I was sitting on a bench watching this Grackle gather some food to take back to her nest of babies inside the top of a six foot lamppost. When she was getting ready to return to the nest, she spied a mockingbird sitting on the metal arm of the lamppost. You should have seen her sputter and ruffle her feathers -- never dropping the food in her bill. The mockingbird got the hint and flew off.
Unless you get close to the Grackle and see them in the sunlight, you don’t realize how beautiful and iridescent their feathers are. They’re really quite lovely -- especially when they’re angry. With their bright yellow eyes, the Common Grackle is one of the most abundant breeding birds in North America east of the Rocky Mountains. The easiest way to distinguish between the Florida spieces Common Grackle and the Boat-tailed Grackle is the yellow eyes of the Common Grackle. Boat-tailed Grackles from northern states do have yellow eyes but not the resident Florida birds. Photographed in Orange County, Florida.

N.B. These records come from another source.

lemma maximal_sub_cyclic_sub:
  assumes "unimodular v"
  shows "maximal_sub (cyclic_sub v)"
proof -
  have "v \<in> cyclic_sub v"
    unfolding cyclic_sub_def by (auto intro: exI[of _ 1])
  with assms show ?thesis
    unfolding maximal_sub_def T_Omega2_eq by blast
qed

lemma cyclic_sub_unit_mult:
  fixes e :: "'k::comm_ring_1 fps"
  assumes "e dvd 1"
  shows "cyclic_sub (e * fst v, e * snd v) = cyclic_sub v"
proof (intro set_eqI iffI)
  fix z
  assume "z \<in> cyclic_sub (e * fst v, e * snd v)"
  then obtain c where "z = ((c * e) * fst v, (c * e) * snd v)"
    unfolding cyclic_sub_def by (auto simp: mult.assoc)
  then show "z \<in> cyclic_sub v"
    unfolding cyclic_sub_def by blast
next
  fix z
  assume "z \<in> cyclic_sub v"
  then obtain c where z: "z = (c * fst v, c * snd v)"
    unfolding cyclic_sub_def by auto
  obtain f where ef: "1 = e * f"
    using assms by (rule dvdE)
  have cancel: "(c * f) * (e * x) = c * x" for x :: "'k fps"
  proof -
    have "(c * f) * (e * x) = c * (e * f) * x"
      by (simp only: ac_simps)
    then show ?thesis
      by (simp flip: ef)
  qed
  have "z = ((c * f) * (e * fst v), (c * f) * (e * snd v))"
    unfolding z cancel ..
  then show "z \<in> cyclic_sub (e * fst v, e * snd v)"
    unfolding cyclic_sub_def by auto
qed

lemma cyclic_sub_eq_if_mult_eq:
  fixes c d :: "'k::field fps"
  assumes "unimodular w" "d \<noteq> 0" "d dvd c"
    and "c * fst v = d * fst w" "c * snd v = d * snd w"
  shows "cyclic_sub w = cyclic_sub v"
proof -
  obtain e where "c = d * e"
    using assms(3) by (rule dvdE)
  with assms(2,4,5) have w: "w = (e * fst v, e * snd v)"
    by (simp add: mult.assoc prod_eq_iff)
  with assms(1) have "e dvd 1"
    unfolding unimodular_def by auto
  then show ?thesis
    unfolding w by (rule cyclic_sub_unit_mult)
qed

lemma cyclic_sub_eq_if_common_nonzero:
  fixes v w :: "'k::field vec2"
  assumes "unimodular v" "unimodular w"
    and "z \<in> cyclic_sub v" "z \<in> cyclic_sub w" "z \<noteq> 0"
  shows "cyclic_sub v = cyclic_sub w"
proof -
  obtain c d where z: "z = (c * fst v, c * snd v)" "z = (d * fst w, d * snd w)"
    using assms(3,4) unfolding cyclic_sub_def by blast
  then have eqs: "c * fst v = d * fst w" "c * snd v = d * snd w"
    by simp_all
  have "c \<noteq> 0" "d \<noteq> 0"
    using assms(5) z by (auto simp: zero_prod_def)
  then have "d dvd c \<or> c dvd d"
    by (metis fps_dvd_iff nat_le_linear)
  then show ?thesis
  proof
    assume "d dvd c"
    then show ?thesis
      using cyclic_sub_eq_if_mult_eq[OF assms(2) \<open>d \<noteq> 0\<close> _ eqs] by simp
  next
    assume "c dvd d"
    then show ?thesis
      using cyclic_sub_eq_if_mult_eq[OF assms(1) \<open>c \<noteq> 0\<close> _ eqs[symmetric]] by simp
  qed
qed

lemma maximal_sub_inter_eq_0:
  fixes N1 N2 :: "'k::field vec2 set"
  assumes "maximal_sub N1" "maximal_sub N2" "N1 \<noteq> N2"
  shows "N1 \<inter> N2 = {0}"
proof -
  obtain v w where v: "unimodular v" "N1 = cyclic_sub v" and w: "unimodular w" "N2 = cyclic_sub w"
    using assms(1,2) by (metis maximal_sub_unimodular_generator)
  have "0 \<in> N1 \<inter> N2"
    unfolding v w cyclic_sub_def by (force simp: zero_prod_def)
  moreover have "z = 0" if "z \<in> N1 \<inter> N2" for z
    using that assms(3) cyclic_sub_eq_if_common_nonzero[OF v(1) w(1)] unfolding v w by blast
  ultimately show ?thesis
    by blast
qed

lemma fps_cutoff_mult_cutoff:
  "fps_cutoff n (c * fps_cutoff n a) = fps_cutoff n (c * (a :: 'k::comm_ring_1 fps))"
  by (simp add: fps_cutoff_eq_fps_cutoff_iff fps_cutoff_right_mult_nth)

lemma trunc2_image_cyclic_sub: "trunc2 n ` cyclic_sub v = cyclic_sub_n n (trunc2 n v)"
  unfolding cyclic_sub_def cyclic_sub_n_def trunc2_def
  by (force simp: fps_cutoff_mult_cutoff)

lemma maximal_sub_n_trunc2_image:
  assumes "maximal_sub N" "1 \<le> n"
  shows "maximal_sub_n n (trunc2 n ` N)"
proof -
  obtain v where v: "unimodular v" "N = cyclic_sub v"
    using assms(1) by (rule maximal_sub_unimodular_generator)
  have "trunc2 n v \<in> trunc2 n ` N"
    unfolding v(2) cyclic_sub_def by (rule imageI) (auto intro: exI[of _ 1])
  moreover have "trunc2 n v \<notin> T_Omega2_n n"
    using v(1) assms(2) T_Omega2_n_not_unimodular unimodular_trunc2_iff by blast
  ultimately show ?thesis
    unfolding maximal_sub_n_def Omega2_n_def v(2) trunc2_image_cyclic_sub by blast
qed

lemma fps_cutoff_X_power: "k < n \<Longrightarrow> fps_cutoff n (fps_X ^ k :: 'k::comm_ring_1 fps) = fps_X ^ k"
  by (auto intro: fps_ext)

lemma trunc2_1_X_power:
  "k < n \<Longrightarrow> trunc2 n (1 :: 'k::comm_ring_1 fps, fps_X ^ k) = (1, fps_X ^ k)"
  unfolding trunc2_def by (simp add: fps_cutoff_one fps_cutoff_X_power)

lemma inj_on_cyclic_sub_n_X_power:
  "inj_on (\<lambda>k. cyclic_sub_n n (1 :: 'k::comm_ring_1 fps, fps_X ^ k)) {..<n}"
proof (rule inj_onI)
  fix j k
  assume "j \<in> {..<n}" "k \<in> {..<n}"
    and eq: "cyclic_sub_n n (1 :: 'k fps, fps_X ^ j) = cyclic_sub_n n (1, fps_X ^ k)"
  have "trunc2 n (1 :: 'k fps, fps_X ^ j) \<in> cyclic_sub_n n (1, fps_X ^ j)"
    unfolding cyclic_sub_n_def by (auto intro: exI[of _ 1])
  then have "trunc2 n (1 :: 'k fps, fps_X ^ j) \<in> cyclic_sub_n n (1, fps_X ^ k)"
    unfolding eq .
  then obtain c :: "'k fps" where "trunc2 n (1, fps_X ^ j) = trunc2 n (c, c * fps_X ^ k)"
    unfolding cyclic_sub_n_def by auto
  then have "(1, fps_X ^ j) = trunc2 n (c, c * fps_X ^ k)"
    using \<open>j \<in> {..<n}\<close> by (simp add: trunc2_1_X_power)
  then have c: "fps_cutoff n c = 1" and j: "fps_X ^ j = fps_cutoff n (c * fps_X ^ k)"
    unfolding trunc2_def by simp_all
  have "fps_X ^ j = fps_cutoff n (fps_X ^ k * fps_cutoff n c)"
    using j by (metis fps_cutoff_mult_cutoff mult.commute)
  also have "\<dots> = fps_X ^ k"
    using \<open>k \<in> {..<n}\<close> unfolding c by (simp add: fps_cutoff_X_power)
  finally have "fps_X ^ j = (fps_X ^ k :: 'k fps)" .
  then show "j = k"
    by (metis fps_X_power_nth one_neq_zero)
qed

lemma card_maximal_sub_n_ge:
  assumes "1 \<le> n" and fin: "finite {N :: 'k::comm_ring_1 vec2 set. maximal_sub_n n N}"
  shows "n \<le> card {N :: 'k vec2 set. maximal_sub_n n N}"
proof -
  have "maximal_sub_n n (cyclic_sub_n n (1 :: 'k fps, fps_X ^ k))" if "k < n" for k
  proof -
    have "unimodular (1 :: 'k fps, fps_X ^ k)"
      unfolding unimodular_def by simp
    then have "maximal_sub_n n (trunc2 n ` cyclic_sub (1 :: 'k fps, fps_X ^ k))"
      using assms(1) by (intro maximal_sub_n_trunc2_image maximal_sub_cyclic_sub)
    then show ?thesis
      unfolding trunc2_image_cyclic_sub trunc2_1_X_power[OF that] .
  qed
  then have "card {..<n} \<le> card {N :: 'k vec2 set. maximal_sub_n n N}"
    by (intro card_inj_on_le[OF inj_on_cyclic_sub_n_X_power _ fin]) auto
  then show ?thesis
    by simp
qed

lemma measure_cylinder:
  assumes "is_inverse_limit_measure P" "1 \<le> n" "A \<subseteq> MM_n n"
  shows "measure P (MM \<inter> proj_n n -` A) = P_n n A"
  using assms unfolding is_inverse_limit_measure_def by blast

lemma measure_diagonal_cylinder_le:
  fixes P :: "('k::comm_ring_1 vec2 set \<times> 'k vec2 set) measure"
  assumes P: "is_inverse_limit_measure P" and n: "1 \<le> n"
  shows "measure P (MM \<inter> proj_n n -` {x \<in> MM_n n. fst x = snd x}) \<le> 1 / real n"
proof -
  define S where "S = {N :: 'k vec2 set. maximal_sub_n n N}"
  define D :: "('k vec2 set \<times> 'k vec2 set) set" where "D = {x \<in> MM_n n. fst x = snd x}"
  have MM_n: "MM_n n = S \<times> S"
    unfolding MM_n_def S_def by auto
  have "D = (\<lambda>N. (N, N)) ` S"
    unfolding D_def MM_n by auto
  then have card_D: "card D = card S"
    by (simp add: card_image inj_on_def)
  have "D \<subseteq> MM_n n"
    unfolding D_def by auto
  then have "measure P (MM \<inter> proj_n n -` D) = P_n n D"
    by (rule measure_cylinder[OF P n])
  also have "\<dots> = real (card S) / (real (card S) * real (card S))"
    unfolding P_n_def card_D MM_n card_cartesian_product by simp
  also have "\<dots> \<le> 1 / real n"
  proof (cases "card S = 0")
    case False
    then have "finite S"
      by (meson card.infinite)
    then have "n \<le> card S"
      unfolding S_def by (rule card_maximal_sub_n_ge[OF n])
    moreover have "real (card S) / (real (card S) * real (card S)) = 1 / real (card S)"
      using False by simp
    ultimately show ?thesis
      using n by (simp add: divide_left_mono)
    \<comment> \<open>The case card S = 0 includes infinite S, where P_n is the junk value 0.\<close>
  qed simp
  finally show ?thesis
    unfolding D_def .
qed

North American icterids fall into three groups: the orioles; the meadowlarks and their allies including the Bobolink and the Yellow-headed Black Bird; and the grackles, blackbirds, and their allies including the cowbird.
A breeding strategy used by some icterids is harem-defense polygyny. The Boat-tailed Grackle is noted for this and is the only known harem-defending bird in North America. In this system, the male defends a group of females against other males from the breeding colony and does not allow lower-ranking males to mate. The highest-ranking male (the alpha male), who tends to be the oldest and heaviest, performs the majority of the copulations in the colony. Noevertheless, the alpha males sires only about 25 percent of the young, even though he may perform up to 87 percent of the observed copulations; it is likely that females copulate with lower-ranking males when foraging elsewhere. This type of mating system is exactly that of Northern Elephant Seals and many other mannals, but in birds it is found ony in the icterids.
In the Boat-tailed Grackles, the female is very different from the male, mainly brown with darker irridescent feathers on her back.